● **EXERCISE BRIEF**
When the line containing "(u x) = k x) \<and>" appears in the entries below, begin printing there and stop after the line containing "(\<forall>x\<in>mcarrier C. u (g x) = k x))"; print each of those lines exactly and no other line.

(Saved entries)
········

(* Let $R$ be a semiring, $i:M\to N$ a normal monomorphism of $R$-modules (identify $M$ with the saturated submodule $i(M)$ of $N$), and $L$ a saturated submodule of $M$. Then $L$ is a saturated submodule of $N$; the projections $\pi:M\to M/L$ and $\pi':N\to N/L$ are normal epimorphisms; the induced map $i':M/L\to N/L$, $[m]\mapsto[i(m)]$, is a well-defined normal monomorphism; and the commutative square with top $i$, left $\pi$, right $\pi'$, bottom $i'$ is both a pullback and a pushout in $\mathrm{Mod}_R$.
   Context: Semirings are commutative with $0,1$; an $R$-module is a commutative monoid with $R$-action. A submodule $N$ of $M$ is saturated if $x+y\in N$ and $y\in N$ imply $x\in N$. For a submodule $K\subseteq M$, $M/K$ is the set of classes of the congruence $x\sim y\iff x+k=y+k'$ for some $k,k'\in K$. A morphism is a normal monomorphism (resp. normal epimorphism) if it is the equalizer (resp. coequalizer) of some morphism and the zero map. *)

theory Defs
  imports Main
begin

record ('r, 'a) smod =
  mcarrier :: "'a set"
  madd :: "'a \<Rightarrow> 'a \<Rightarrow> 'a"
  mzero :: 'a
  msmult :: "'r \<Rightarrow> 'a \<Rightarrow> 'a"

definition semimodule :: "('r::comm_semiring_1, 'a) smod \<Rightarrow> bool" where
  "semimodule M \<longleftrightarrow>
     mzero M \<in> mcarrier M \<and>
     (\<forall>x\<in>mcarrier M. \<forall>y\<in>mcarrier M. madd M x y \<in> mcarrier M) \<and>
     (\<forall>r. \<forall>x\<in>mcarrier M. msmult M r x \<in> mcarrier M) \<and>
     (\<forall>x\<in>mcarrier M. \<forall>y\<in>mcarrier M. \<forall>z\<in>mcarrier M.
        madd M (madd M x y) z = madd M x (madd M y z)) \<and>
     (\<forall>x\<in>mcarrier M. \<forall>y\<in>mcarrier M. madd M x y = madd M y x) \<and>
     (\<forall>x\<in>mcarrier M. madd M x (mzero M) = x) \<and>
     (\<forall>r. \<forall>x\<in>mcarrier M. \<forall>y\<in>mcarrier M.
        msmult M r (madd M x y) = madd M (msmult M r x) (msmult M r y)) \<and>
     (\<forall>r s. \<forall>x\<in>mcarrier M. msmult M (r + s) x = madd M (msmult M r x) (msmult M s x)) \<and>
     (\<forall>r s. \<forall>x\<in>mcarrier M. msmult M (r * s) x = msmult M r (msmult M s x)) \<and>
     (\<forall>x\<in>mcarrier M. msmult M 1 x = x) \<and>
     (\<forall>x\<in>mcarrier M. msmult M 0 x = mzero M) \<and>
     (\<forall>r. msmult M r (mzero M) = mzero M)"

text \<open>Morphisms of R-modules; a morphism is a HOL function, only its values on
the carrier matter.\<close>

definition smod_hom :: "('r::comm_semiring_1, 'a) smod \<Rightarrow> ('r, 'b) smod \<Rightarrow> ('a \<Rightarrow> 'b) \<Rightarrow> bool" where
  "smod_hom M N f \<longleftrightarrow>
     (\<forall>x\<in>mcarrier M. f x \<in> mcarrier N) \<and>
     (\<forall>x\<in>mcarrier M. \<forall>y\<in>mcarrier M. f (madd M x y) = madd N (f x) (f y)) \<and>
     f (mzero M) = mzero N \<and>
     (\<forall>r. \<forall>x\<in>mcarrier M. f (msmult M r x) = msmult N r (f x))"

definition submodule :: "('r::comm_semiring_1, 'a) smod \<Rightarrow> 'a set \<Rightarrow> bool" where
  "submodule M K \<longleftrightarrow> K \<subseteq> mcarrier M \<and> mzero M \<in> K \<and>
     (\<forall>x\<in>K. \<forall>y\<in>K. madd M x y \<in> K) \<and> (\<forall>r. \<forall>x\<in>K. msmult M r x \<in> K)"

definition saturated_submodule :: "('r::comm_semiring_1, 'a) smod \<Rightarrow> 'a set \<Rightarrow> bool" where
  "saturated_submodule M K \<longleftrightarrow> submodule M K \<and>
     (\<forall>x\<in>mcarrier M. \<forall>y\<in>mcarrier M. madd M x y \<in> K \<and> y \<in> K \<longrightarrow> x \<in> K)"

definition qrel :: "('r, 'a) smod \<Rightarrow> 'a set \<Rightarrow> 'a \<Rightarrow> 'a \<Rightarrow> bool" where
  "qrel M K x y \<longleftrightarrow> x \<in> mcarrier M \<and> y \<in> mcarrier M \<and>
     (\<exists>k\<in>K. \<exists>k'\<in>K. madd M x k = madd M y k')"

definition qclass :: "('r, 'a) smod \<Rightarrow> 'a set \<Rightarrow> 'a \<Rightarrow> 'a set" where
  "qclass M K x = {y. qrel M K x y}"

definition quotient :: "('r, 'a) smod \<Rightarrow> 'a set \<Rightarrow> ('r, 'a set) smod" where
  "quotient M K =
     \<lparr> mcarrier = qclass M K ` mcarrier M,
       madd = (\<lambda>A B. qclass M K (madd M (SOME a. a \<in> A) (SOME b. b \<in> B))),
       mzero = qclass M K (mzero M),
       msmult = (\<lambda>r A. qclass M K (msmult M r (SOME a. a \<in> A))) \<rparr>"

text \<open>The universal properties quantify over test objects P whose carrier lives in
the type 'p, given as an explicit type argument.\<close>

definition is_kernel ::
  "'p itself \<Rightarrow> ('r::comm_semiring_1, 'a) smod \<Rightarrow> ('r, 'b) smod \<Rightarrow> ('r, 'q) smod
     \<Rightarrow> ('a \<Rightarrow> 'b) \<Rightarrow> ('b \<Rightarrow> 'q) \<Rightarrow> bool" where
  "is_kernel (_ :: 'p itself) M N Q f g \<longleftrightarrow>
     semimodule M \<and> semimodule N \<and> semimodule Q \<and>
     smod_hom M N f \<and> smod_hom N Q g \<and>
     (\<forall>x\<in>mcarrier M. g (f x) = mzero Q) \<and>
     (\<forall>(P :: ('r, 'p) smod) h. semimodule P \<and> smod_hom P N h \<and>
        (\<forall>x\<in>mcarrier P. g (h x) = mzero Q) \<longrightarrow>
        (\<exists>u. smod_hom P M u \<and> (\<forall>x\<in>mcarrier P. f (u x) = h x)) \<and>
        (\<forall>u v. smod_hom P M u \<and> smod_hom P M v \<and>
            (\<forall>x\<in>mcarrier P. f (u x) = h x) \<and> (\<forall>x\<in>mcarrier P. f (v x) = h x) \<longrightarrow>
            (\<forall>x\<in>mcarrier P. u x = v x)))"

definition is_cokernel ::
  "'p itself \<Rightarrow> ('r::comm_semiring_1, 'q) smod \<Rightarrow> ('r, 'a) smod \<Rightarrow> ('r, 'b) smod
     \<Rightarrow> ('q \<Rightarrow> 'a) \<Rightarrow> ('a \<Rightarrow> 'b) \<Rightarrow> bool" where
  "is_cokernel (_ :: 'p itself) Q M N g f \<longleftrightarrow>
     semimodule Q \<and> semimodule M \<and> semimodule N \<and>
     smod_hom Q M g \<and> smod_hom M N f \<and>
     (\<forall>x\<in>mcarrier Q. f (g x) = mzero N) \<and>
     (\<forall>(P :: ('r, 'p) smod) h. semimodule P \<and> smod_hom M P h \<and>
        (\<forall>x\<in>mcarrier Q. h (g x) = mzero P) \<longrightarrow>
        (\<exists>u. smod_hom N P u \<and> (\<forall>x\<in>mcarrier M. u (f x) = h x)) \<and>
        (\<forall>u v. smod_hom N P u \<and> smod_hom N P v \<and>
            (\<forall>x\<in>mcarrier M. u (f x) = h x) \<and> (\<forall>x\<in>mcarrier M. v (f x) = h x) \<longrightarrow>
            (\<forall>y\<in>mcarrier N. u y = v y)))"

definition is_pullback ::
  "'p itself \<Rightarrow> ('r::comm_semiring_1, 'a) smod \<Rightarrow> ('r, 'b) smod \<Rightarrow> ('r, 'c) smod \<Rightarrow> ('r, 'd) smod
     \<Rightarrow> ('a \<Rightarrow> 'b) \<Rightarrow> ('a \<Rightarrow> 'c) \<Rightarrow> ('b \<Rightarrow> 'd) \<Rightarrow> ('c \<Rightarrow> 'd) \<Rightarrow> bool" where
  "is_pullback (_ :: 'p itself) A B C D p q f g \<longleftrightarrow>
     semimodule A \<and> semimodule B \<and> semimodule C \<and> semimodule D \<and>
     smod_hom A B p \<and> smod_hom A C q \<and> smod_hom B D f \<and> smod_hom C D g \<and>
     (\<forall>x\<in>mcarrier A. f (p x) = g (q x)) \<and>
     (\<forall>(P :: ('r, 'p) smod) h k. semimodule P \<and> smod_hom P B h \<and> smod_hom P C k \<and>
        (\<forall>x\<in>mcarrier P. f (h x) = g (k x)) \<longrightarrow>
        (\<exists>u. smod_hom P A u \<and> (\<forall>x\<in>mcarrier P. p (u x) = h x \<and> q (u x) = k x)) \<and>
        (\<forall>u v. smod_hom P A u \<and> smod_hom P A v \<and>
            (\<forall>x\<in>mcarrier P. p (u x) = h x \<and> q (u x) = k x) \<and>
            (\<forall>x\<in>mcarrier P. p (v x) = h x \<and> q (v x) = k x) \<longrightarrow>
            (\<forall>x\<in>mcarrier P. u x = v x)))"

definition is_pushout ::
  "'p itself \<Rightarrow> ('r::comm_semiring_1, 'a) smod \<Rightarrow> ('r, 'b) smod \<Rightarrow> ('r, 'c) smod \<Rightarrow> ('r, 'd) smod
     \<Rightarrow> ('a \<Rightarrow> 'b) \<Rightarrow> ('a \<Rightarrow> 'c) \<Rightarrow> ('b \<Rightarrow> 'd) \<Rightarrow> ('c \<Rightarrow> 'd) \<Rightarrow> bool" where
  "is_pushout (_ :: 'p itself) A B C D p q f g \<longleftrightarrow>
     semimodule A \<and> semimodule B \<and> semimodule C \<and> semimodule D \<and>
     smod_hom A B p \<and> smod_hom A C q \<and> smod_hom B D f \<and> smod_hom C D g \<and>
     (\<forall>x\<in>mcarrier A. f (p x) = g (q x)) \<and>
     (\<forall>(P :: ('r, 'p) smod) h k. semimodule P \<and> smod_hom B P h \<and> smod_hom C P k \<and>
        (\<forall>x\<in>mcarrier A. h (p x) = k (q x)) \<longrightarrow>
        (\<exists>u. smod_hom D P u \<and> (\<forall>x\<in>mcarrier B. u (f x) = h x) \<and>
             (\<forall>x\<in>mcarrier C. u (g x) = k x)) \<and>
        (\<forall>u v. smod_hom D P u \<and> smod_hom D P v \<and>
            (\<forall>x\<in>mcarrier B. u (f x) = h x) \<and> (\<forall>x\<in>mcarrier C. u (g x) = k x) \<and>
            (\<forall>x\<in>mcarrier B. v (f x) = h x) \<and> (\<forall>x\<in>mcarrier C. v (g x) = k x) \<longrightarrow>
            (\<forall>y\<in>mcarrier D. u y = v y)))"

········

● **OUTPUT OF THE EXERCISE**
            (\<forall>x\<in>mcarrier P. p (u x) = h x \<and> q (u x) = k x) \<and>
            (\<forall>x\<in>mcarrier P. p (v x) = h x \<and> q (v x) = k x) \<longrightarrow>
            (\<forall>x\<in>mcarrier P. u x = v x)))"

definition is_pushout ::
  "'p itself \<Rightarrow> ('r::comm_semiring_1, 'a) smod \<Rightarrow> ('r, 'b) smod \<Rightarrow> ('r, 'c) smod \<Rightarrow> ('r, 'd) smod
     \<Rightarrow> ('a \<Rightarrow> 'b) \<Rightarrow> ('a \<Rightarrow> 'c) \<Rightarrow> ('b \<Rightarrow> 'd) \<Rightarrow> ('c \<Rightarrow> 'd) \<Rightarrow> bool" where
  "is_pushout (_ :: 'p itself) A B C D p q f g \<longleftrightarrow>
     semimodule A \<and> semimodule B \<and> semimodule C \<and> semimodule D \<and>
     smod_hom A B p \<and> smod_hom A C q \<and> smod_hom B D f \<and> smod_hom C D g \<and>
     (\<forall>x\<in>mcarrier A. f (p x) = g (q x)) \<and>
     (\<forall>(P :: ('r, 'p) smod) h k. semimodule P \<and> smod_hom B P h \<and> smod_hom C P k \<and>
        (\<forall>x\<in>mcarrier A. h (p x) = k (q x)) \<longrightarrow>
        (\<exists>u. smod_hom D P u \<and> (\<forall>x\<in>mcarrier B. u (f x) = h x) \<and>
             (\<forall>x\<in>mcarrier C. u (g x) = k x)) \<and>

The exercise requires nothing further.